(* Let $X$ be a countable set with at least two elements, equipped with the discrete metric $\rho$, and denote this metric space by $\mathcal{X}$. Let $p\in(0,\infty)$ and let $f:\mathcal{W}_p(\mathcal{X})\to\mathcal{W}_p(\mathcal{X})$ be a surjective isometry (a bijection preserving $W_p$). Then there exists a bijection $\sigma:\mathcal{X}\to\mathcal{X}$ such that $$f(\mu)(\{x\})=\mu(\{\sigma^{-1}(x)\})\qquad\text{for all }x\in\mathcal{X}\text{ and all }\mu\in\mathcal{P}(\mathcal{X}).$$ Conversely, for any bijection $\sigma:\mathcal{X}\to\mathcal{X}$, the map defined by this formula is an isometry of $\mathcal{W}_p(\mathcal{X})$.
   Context: $\rho(x,y)=1$ if $x\ne y$ and $\rho(x,x)=0$. $\mathcal{P}(\mathcal{X})$ is the set of probability measures on the power set of $\mathcal{X}$. A coupling of $\mu,\nu\in\mathcal{P}(\mathcal{X})$ is a probability measure $\pi$ on $\mathcal{X}^2$ with marginals $\mu$ and $\nu$; $\mathcal{C}(\mu,\nu)$ is the set of couplings. $W_p(\mu,\nu)=\big(\inf_{\pi\in\mathcal{C}(\mu,\nu)}\int\rho^p\,d\pi\big)^{1/p}$ for $p\ge1$ and $W_p(\mu,\nu)=\inf_{\pi\in\mathcal{C}(\mu,\nu)}\int\rho^p\,d\pi$ for $0<p<1$. $\mathcal{W}_p(\mathcal{X})$ is the metric space $(\mathcal{P}(\mathcal{X}),W_p)$. *)

theory Defs
  imports "HOL-Probability.Probability"
begin

definition rho :: "'a \<Rightarrow> 'a \<Rightarrow> real" where
  "rho x y = (if x = y then 0 else 1)"

text \<open>Couplings of two probability measures on a countable set (all such measures are pmfs).\<close>
definition couplings :: "'a pmf \<Rightarrow> 'a pmf \<Rightarrow> ('a \<times> 'a) pmf set" where
  "couplings \<mu> \<nu> = {\<pi>. map_pmf fst \<pi> = \<mu> \<and> map_pmf snd \<pi> = \<nu>}"

definition Wp :: "real \<Rightarrow> 'a pmf \<Rightarrow> 'a pmf \<Rightarrow> real" where
  "Wp p \<mu> \<nu> =
     (let c = (INF \<pi>\<in>couplings \<mu> \<nu>.
                 measure_pmf.expectation \<pi> (\<lambda>(x, y). rho x y powr p))
      in if p \<ge> 1 then c powr (1 / p) else c)"

end

theory Submission
  imports Defs
begin

text \<open>For the discrete metric, \<open>\<rho> x y powr p\<close> is the indicator of \<open>x \<noteq> y\<close>, so every \<open>W\<^sub>p\<close> is a
  strictly increasing function of the total variation distance
  \<open>tv_dist \<mu> \<nu> = inf\<^sub>\<pi> \<pi>{x \<noteq> y}\<close>; hence isometries of \<open>W\<^sub>p\<close> are exactly those of \<open>tv_dist\<close>.
  Two measures are at distance 1 iff their supports are disjoint, and
  \<open>tv_dist (\<delta>\<^sub>x) \<mu> = 1 - \<mu>{x}\<close>. A bijective isometry \<open>f\<close> maps point masses to point masses:
  pick \<open>y\<close> in the support of \<open>f \<delta>\<^sub>x\<close>; any \<open>z \<noteq> x\<close> in the support of \<open>f\<inverse> \<delta>\<^sub>y\<close> would make
  \<open>f \<delta>\<^sub>z\<close> disjoint from \<open>f \<delta>\<^sub>x\<close> but not from \<open>\<delta>\<^sub>y\<close>. So \<open>f \<delta>\<^sub>x = \<delta>\<^bsub>\<sigma> x\<^esub>\<close> for a bijection \<open>\<sigma>\<close>,
  and the formula for \<open>tv_dist (\<delta>\<^sub>x) \<mu>\<close> shows \<open>f \<mu> = \<sigma>\<^sub>*\<mu>\<close>.\<close>

definition mismatch_prob :: "('a \<times> 'a) pmf \<Rightarrow> real" where
  "mismatch_prob \<pi> = measure_pmf.prob \<pi> {q. fst q \<noteq> snd q}"

definition tv_dist :: "'a pmf \<Rightarrow> 'a pmf \<Rightarrow> real" where
  "tv_dist \<mu> \<nu> = (INF \<pi>\<in>couplings \<mu> \<nu>. mismatch_prob \<pi>)"

lemma expectation_rho_powr:
  assumes "p > 0"
  shows "measure_pmf.expectation \<pi> (\<lambda>(x, y). rho x y powr p) = mismatch_prob \<pi>"
proof -
  have rho_powr: "(\<lambda>(x, y). rho x y powr p) = indicator {q. fst q \<noteq> snd q}"
    using assms by (auto simp: rho_def indicator_def fun_eq_iff)
  show ?thesis
    unfolding rho_powr mismatch_prob_def by simp
qed

lemma Wp_tv_dist:
  assumes "p > 0"
  shows "Wp p \<mu> \<nu> = (if p \<ge> 1 then tv_dist \<mu> \<nu> powr (1 / p) else tv_dist \<mu> \<nu>)"
  by (simp add: Wp_def tv_dist_def expectation_rho_powr[OF assms])

lemma pair_pmf_in_couplings: "pair_pmf \<mu> \<nu> \<in> couplings \<mu> \<nu>"
  by (simp add: couplings_def map_fst_pair_pmf map_snd_pair_pmf)

lemma set_pmf_couplings:
  assumes "\<pi> \<in> couplings \<mu> \<nu>" "(x, y) \<in> set_pmf \<pi>"
  shows "x \<in> set_pmf \<mu>" "y \<in> set_pmf \<nu>"
proof -
  have "\<mu> = map_pmf fst \<pi>" "\<nu> = map_pmf snd \<pi>"
    using assms(1) by (simp_all add: couplings_def)
  then show "x \<in> set_pmf \<mu>" "y \<in> set_pmf \<nu>"
    using assms(2) by force+
qed

lemma tv_dist_le_mismatch_prob: "\<pi> \<in> couplings \<mu> \<nu> \<Longrightarrow> tv_dist \<mu> \<nu> \<le> mismatch_prob \<pi>"
  unfolding tv_dist_def mismatch_prob_def by (rule cInf_lower) (auto intro: bdd_belowI[where m = 0])

lemma tv_dist_greatest:
  "(\<And>\<pi>. \<pi> \<in> couplings \<mu> \<nu> \<Longrightarrow> c \<le> mismatch_prob \<pi>) \<Longrightarrow> c \<le> tv_dist \<mu> \<nu>"
  unfolding tv_dist_def using pair_pmf_in_couplings by (intro cINF_greatest) auto

lemma tv_dist_nonneg: "0 \<le> tv_dist \<mu> \<nu>"
  by (rule tv_dist_greatest) (simp add: mismatch_prob_def)

lemma tv_dist_le_1: "tv_dist \<mu> \<nu> \<le> 1"
  using tv_dist_le_mismatch_prob[OF pair_pmf_in_couplings, of \<mu> \<nu>]
  unfolding mismatch_prob_def by (meson measure_pmf.prob_le_1 order_trans)

lemma Wp_eq_iff_tv_dist_eq:
  assumes "p > 0"
  shows "Wp p \<mu> \<nu> = Wp p \<mu>' \<nu>' \<longleftrightarrow> tv_dist \<mu> \<nu> = tv_dist \<mu>' \<nu>'"
proof (cases "p \<ge> 1")
  case True
  have "strict_mono_on {0..} (\<lambda>t :: real. t powr (1 / p))"
    using assms by (intro strict_mono_onI powr_less_mono2) auto
  then have "inj_on (\<lambda>t :: real. t powr (1 / p)) {0..}"
    by (rule strict_mono_on_imp_inj_on)
  then show ?thesis
    using True assms by (auto simp: Wp_tv_dist tv_dist_nonneg dest: inj_onD)
qed (use assms in \<open>simp add: Wp_tv_dist\<close>)

lemma tv_dist_return_pmf: "tv_dist (return_pmf x) \<mu> = 1 - pmf \<mu> x"
proof -
  have mismatch: "mismatch_prob \<pi> = 1 - pmf \<mu> x" if "\<pi> \<in> couplings (return_pmf x) \<mu>" for \<pi>
  proof -
    have "{q. fst q \<noteq> snd q} \<inter> set_pmf \<pi> = snd -` (- {x}) \<inter> set_pmf \<pi>"
      using set_pmf_couplings(1)[OF that] by auto
    then have "mismatch_prob \<pi> = measure_pmf.prob \<pi> (snd -` (- {x}))"
      unfolding mismatch_prob_def by (metis measure_Int_set_pmf)
    also have "\<dots> = measure_pmf.prob \<mu> (- {x})"
      using that by (simp add: couplings_def flip: measure_map_pmf)
    also have "\<dots> = 1 - pmf \<mu> x"
      using measure_pmf.prob_compl[of "{x}" \<mu>] by (simp add: measure_pmf_single Compl_eq_Diff_UNIV)
    finally show ?thesis .
  qed
  show ?thesis
  proof (rule antisym)
    show "tv_dist (return_pmf x) \<mu> \<le> 1 - pmf \<mu> x"
      using tv_dist_le_mismatch_prob[OF pair_pmf_in_couplings, of "return_pmf x" \<mu>]
        mismatch[OF pair_pmf_in_couplings]
      by simp
    show "1 - pmf \<mu> x \<le> tv_dist (return_pmf x) \<mu>"
      by (rule tv_dist_greatest) (simp add: mismatch)
  qed
qed

lemma tv_dist_eq_1_iff: "tv_dist \<mu> \<nu> = 1 \<longleftrightarrow> set_pmf \<mu> \<inter> set_pmf \<nu> = {}"
proof
  assume disjoint: "set_pmf \<mu> \<inter> set_pmf \<nu> = {}"
  have "1 \<le> mismatch_prob \<pi>" if "\<pi> \<in> couplings \<mu> \<nu>" for \<pi>
  proof -
    have "{q. fst q \<noteq> snd q} \<inter> set_pmf \<pi> = UNIV \<inter> set_pmf \<pi>"
      using set_pmf_couplings[OF that] disjoint by auto (meson disjoint_iff)
    then have "mismatch_prob \<pi> = measure_pmf.prob \<pi> UNIV"
      unfolding mismatch_prob_def by (metis measure_Int_set_pmf)
    then show ?thesis
      by simp
  qed
  then show "tv_dist \<mu> \<nu> = 1"
    using tv_dist_greatest[of \<mu> \<nu> 1] tv_dist_le_1[of \<mu> \<nu>] by force
next
  assume "tv_dist \<mu> \<nu> = 1"
  show "set_pmf \<mu> \<inter> set_pmf \<nu> = {}"
  proof (rule ccontr)
    assume "set_pmf \<mu> \<inter> set_pmf \<nu> \<noteq> {}"
    then obtain z where z: "z \<in> set_pmf \<mu>" "z \<in> set_pmf \<nu>" by blast
    have "mismatch_prob (pair_pmf \<mu> \<nu>) \<le> measure_pmf.prob (pair_pmf \<mu> \<nu>) (- {(z, z)})"
      unfolding mismatch_prob_def by (intro measure_pmf.finite_measure_mono) auto
    also have "\<dots> = 1 - pmf \<mu> z * pmf \<nu> z"
      using measure_pmf.prob_compl[of "{(z, z)}" "pair_pmf \<mu> \<nu>"]
      by (simp add: measure_pmf_single pmf_pair Compl_eq_Diff_UNIV)
    also have "\<dots> < 1"
      using z by (simp add: set_pmf_iff pmf_nonneg order.strict_iff_order)
    finally show False
      using tv_dist_le_mismatch_prob[OF pair_pmf_in_couplings, of \<mu> \<nu>] \<open>tv_dist \<mu> \<nu> = 1\<close> by simp
  qed
qed

lemma pmf_map_pmf_bij: "bij \<sigma> \<Longrightarrow> pmf (map_pmf \<sigma> \<mu>) x = pmf \<mu> (inv \<sigma> x)"
  by (metis bij_inv_eq_iff bij_is_inj pmf_map_inj')

lemma tv_dist_map_pmf_bij:
  assumes "bij \<sigma>"
  shows "tv_dist (map_pmf \<sigma> \<mu>) (map_pmf \<sigma> \<nu>) = tv_dist \<mu> \<nu>"
proof -
  let ?push = "map_pmf (map_prod \<sigma> \<sigma>)" and ?pull = "map_pmf (map_prod (inv \<sigma>) (inv \<sigma>))"
  have inv_\<sigma>: "inv \<sigma> \<circ> \<sigma> = id" "\<sigma> \<circ> inv \<sigma> = id"
    using assms by (simp_all add: bij_is_inj bij_is_surj flip: surj_iff)
  have couplings_push: "couplings (map_pmf \<sigma> \<mu>) (map_pmf \<sigma> \<nu>) = ?push ` couplings \<mu> \<nu>"
  proof (intro equalityI subsetI)
    fix \<pi> assume \<pi>: "\<pi> \<in> couplings (map_pmf \<sigma> \<mu>) (map_pmf \<sigma> \<nu>)"
    have "map_pmf (inv \<sigma>) (map_pmf \<sigma> \<rho>) = \<rho>" for \<rho>
      by (simp add: pmf.map_comp inv_\<sigma> pmf.map_id)
    moreover have "map_pmf fst (?pull \<pi>) = map_pmf (inv \<sigma>) (map_pmf fst \<pi>)"
      "map_pmf snd (?pull \<pi>) = map_pmf (inv \<sigma>) (map_pmf snd \<pi>)"
      by (simp_all add: pmf.map_comp o_def)
    ultimately have "?pull \<pi> \<in> couplings \<mu> \<nu>"
      using \<pi> by (simp add: couplings_def)
    moreover have "\<pi> = ?push (?pull \<pi>)"
      by (simp add: pmf.map_comp map_prod.comp inv_\<sigma> map_prod.id pmf.map_id)
    ultimately show "\<pi> \<in> ?push ` couplings \<mu> \<nu>" by blast
  qed (auto simp: couplings_def pmf.map_comp o_def)
  have mismatch_push: "mismatch_prob (?push \<pi>) = mismatch_prob \<pi>" for \<pi>
  proof -
    have "map_prod \<sigma> \<sigma> -` {q. fst q \<noteq> snd q} = {q. fst q \<noteq> snd q}"
      using assms by (auto simp: bij_is_inj inj_eq)
    then show ?thesis by (simp add: mismatch_prob_def)
  qed
  show ?thesis
    unfolding tv_dist_def couplings_push image_comp o_def mismatch_push ..
qed

lemma tv_isometry_return_pmf:
  assumes "bij f" and iso: "\<And>\<mu> \<nu>. tv_dist (f \<mu>) (f \<nu>) = tv_dist \<mu> \<nu>"
  obtains y where "f (return_pmf x) = return_pmf y"
proof -
  have f_inv: "f (inv f \<nu>) = \<nu>" for \<nu>
    using assms by (simp add: bij_is_surj surj_f_inv_f)
  obtain y where y: "y \<in> set_pmf (f (return_pmf x))"
    using set_pmf_not_empty by fastforce
  have "set_pmf (inv f (return_pmf y)) \<subseteq> {x}"
  proof
    fix z assume z: "z \<in> set_pmf (inv f (return_pmf y))"
    show "z \<in> {x}"
    proof (rule ccontr)
      assume "z \<notin> {x}"
      then have "tv_dist (f (return_pmf x)) (f (return_pmf z)) = 1"
        by (simp add: iso tv_dist_eq_1_iff)
      then have "y \<notin> set_pmf (f (return_pmf z))"
        using y by (auto simp: tv_dist_eq_1_iff)
      then have "tv_dist (f (inv f (return_pmf y))) (f (return_pmf z)) = 1"
        by (simp add: f_inv tv_dist_eq_1_iff)
      then show False
        using z by (simp add: iso tv_dist_eq_1_iff)
    qed
  qed
  then have "f (return_pmf x) = return_pmf y"
    by (metis f_inv set_pmf_subset_singleton)
  then show thesis ..
qed

lemma tv_isometry_eq_map_pmf:
  assumes "bij f" and iso: "\<And>\<mu> \<nu>. tv_dist (f \<mu>) (f \<nu>) = tv_dist \<mu> \<nu>"
  obtains \<sigma> where "bij \<sigma>" "\<And>\<mu>. f \<mu> = map_pmf \<sigma> \<mu>"
proof -
  have f_inv: "f (inv f \<nu>) = \<nu>" for \<nu>
    using assms by (simp add: bij_is_surj surj_f_inv_f)
  have iso_inv: "tv_dist (inv f \<mu>) (inv f \<nu>) = tv_dist \<mu> \<nu>" for \<mu> \<nu>
    by (metis iso f_inv)
  define \<sigma> where "\<sigma> x = (SOME y. f (return_pmf x) = return_pmf y)" for x
  have f_return: "f (return_pmf x) = return_pmf (\<sigma> x)" for x
    unfolding \<sigma>_def by (rule someI_ex) (meson tv_isometry_return_pmf[OF assms])
  have "inj \<sigma>"
    by (rule injI) (metis \<open>bij f\<close> bij_is_inj f_return inj_eq return_pmf_inj)
  moreover have "y \<in> range \<sigma>" for y
  proof -
    obtain x where "inv f (return_pmf y) = return_pmf x"
      using tv_isometry_return_pmf[OF bij_imp_bij_inv[OF \<open>bij f\<close>] iso_inv] .
    then have "\<sigma> x = y"
      by (metis f_inv f_return return_pmf_inj)
    then show ?thesis by blast
  qed
  ultimately have "bij \<sigma>"
    unfolding bij_def by blast
  have "pmf (f \<mu>) y = pmf (map_pmf \<sigma> \<mu>) y" for \<mu> y
  proof -
    have "y = \<sigma> (inv \<sigma> y)"
      using \<open>bij \<sigma>\<close> by (simp add: bij_is_surj surj_f_inv_f)
    then have "tv_dist (return_pmf y) (f \<mu>) = tv_dist (return_pmf (inv \<sigma> y)) \<mu>"
      by (metis iso f_return)
    then show ?thesis
      using \<open>bij \<sigma>\<close> by (simp add: tv_dist_return_pmf pmf_map_pmf_bij)
  qed
  then show thesis
    using \<open>bij \<sigma>\<close> by (intro that) (auto intro: pmf_eqI)
qed

theorem corollary2p2:
  fixes p :: real and f :: "'a::countable pmf \<Rightarrow> 'a pmf"
  assumes two: "\<exists>x y :: 'a. x \<noteq> y"
    and p: "p > 0"
  shows "((bij f \<and> (\<forall>\<mu> \<nu>. Wp p (f \<mu>) (f \<nu>) = Wp p \<mu> \<nu>)) \<longrightarrow>
           (\<exists>\<sigma> :: 'a \<Rightarrow> 'a. bij \<sigma> \<and> (\<forall>\<mu> x. pmf (f \<mu>) x = pmf \<mu> (inv \<sigma> x)))) \<and>
         (\<forall>\<sigma> :: 'a \<Rightarrow> 'a. bij \<sigma> \<longrightarrow>
           ((\<exists>g :: 'a pmf \<Rightarrow> 'a pmf. \<forall>\<mu> x. pmf (g \<mu>) x = pmf \<mu> (inv \<sigma> x)) \<and>
            (\<forall>g :: 'a pmf \<Rightarrow> 'a pmf. (\<forall>\<mu> x. pmf (g \<mu>) x = pmf \<mu> (inv \<sigma> x)) \<longrightarrow>
               (\<forall>\<mu> \<nu>. Wp p (g \<mu>) (g \<nu>) = Wp p \<mu> \<nu>))))"
proof (intro conjI impI allI)
  assume "bij f \<and> (\<forall>\<mu> \<nu>. Wp p (f \<mu>) (f \<nu>) = Wp p \<mu> \<nu>)"
  then have "bij f" and "tv_dist (f \<mu>) (f \<nu>) = tv_dist \<mu> \<nu>" for \<mu> \<nu>
    using Wp_eq_iff_tv_dist_eq[OF p] by blast+
  then obtain \<sigma> where "bij \<sigma>" "\<And>\<mu>. f \<mu> = map_pmf \<sigma> \<mu>"
    using tv_isometry_eq_map_pmf by blast
  then show "\<exists>\<sigma>. bij \<sigma> \<and> (\<forall>\<mu> x. pmf (f \<mu>) x = pmf \<mu> (inv \<sigma> x))"
    by (auto simp: pmf_map_pmf_bij)
next
  fix \<sigma> :: "'a \<Rightarrow> 'a" assume "bij \<sigma>"
  then show "\<exists>g. \<forall>\<mu> x. pmf (g \<mu>) x = pmf \<mu> (inv \<sigma> x)"
    by (intro exI[of _ "map_pmf \<sigma>"]) (simp add: pmf_map_pmf_bij)
  fix g :: "'a pmf \<Rightarrow> 'a pmf" and \<mu> \<nu> :: "'a pmf"
  assume "\<forall>\<mu> x. pmf (g \<mu>) x = pmf \<mu> (inv \<sigma> x)"
  then have "g = map_pmf \<sigma>"
    using \<open>bij \<sigma>\<close> by (auto intro!: pmf_eqI simp: pmf_map_pmf_bij)
  then show "Wp p (g \<mu>) (g \<nu>) = Wp p \<mu> \<nu>"
    using \<open>bij \<sigma>\<close> by (simp add: Wp_eq_iff_tv_dist_eq[OF p] tv_dist_map_pmf_bij)
qed

end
□ □ □
Task item =
Write down again, exactly as given, only the lines above that fall from the line with "proof (rule antisym)" to the line with "x \<le> tv_dist", inclusive.

Answer space =
  proof (rule antisym)
    show "tv_dist (return_pmf x) \<mu> \<le> 1 - pmf \<mu> x"
      using tv_dist_le_mismatch_prob[OF pair_pmf_in_couplings, of "return_pmf x" \<mu>]
        mismatch[OF pair_pmf_in_couplings]
      by simp
    show "1 - pmf \<mu> x \<le> tv_dist (return_pmf x) \<mu>"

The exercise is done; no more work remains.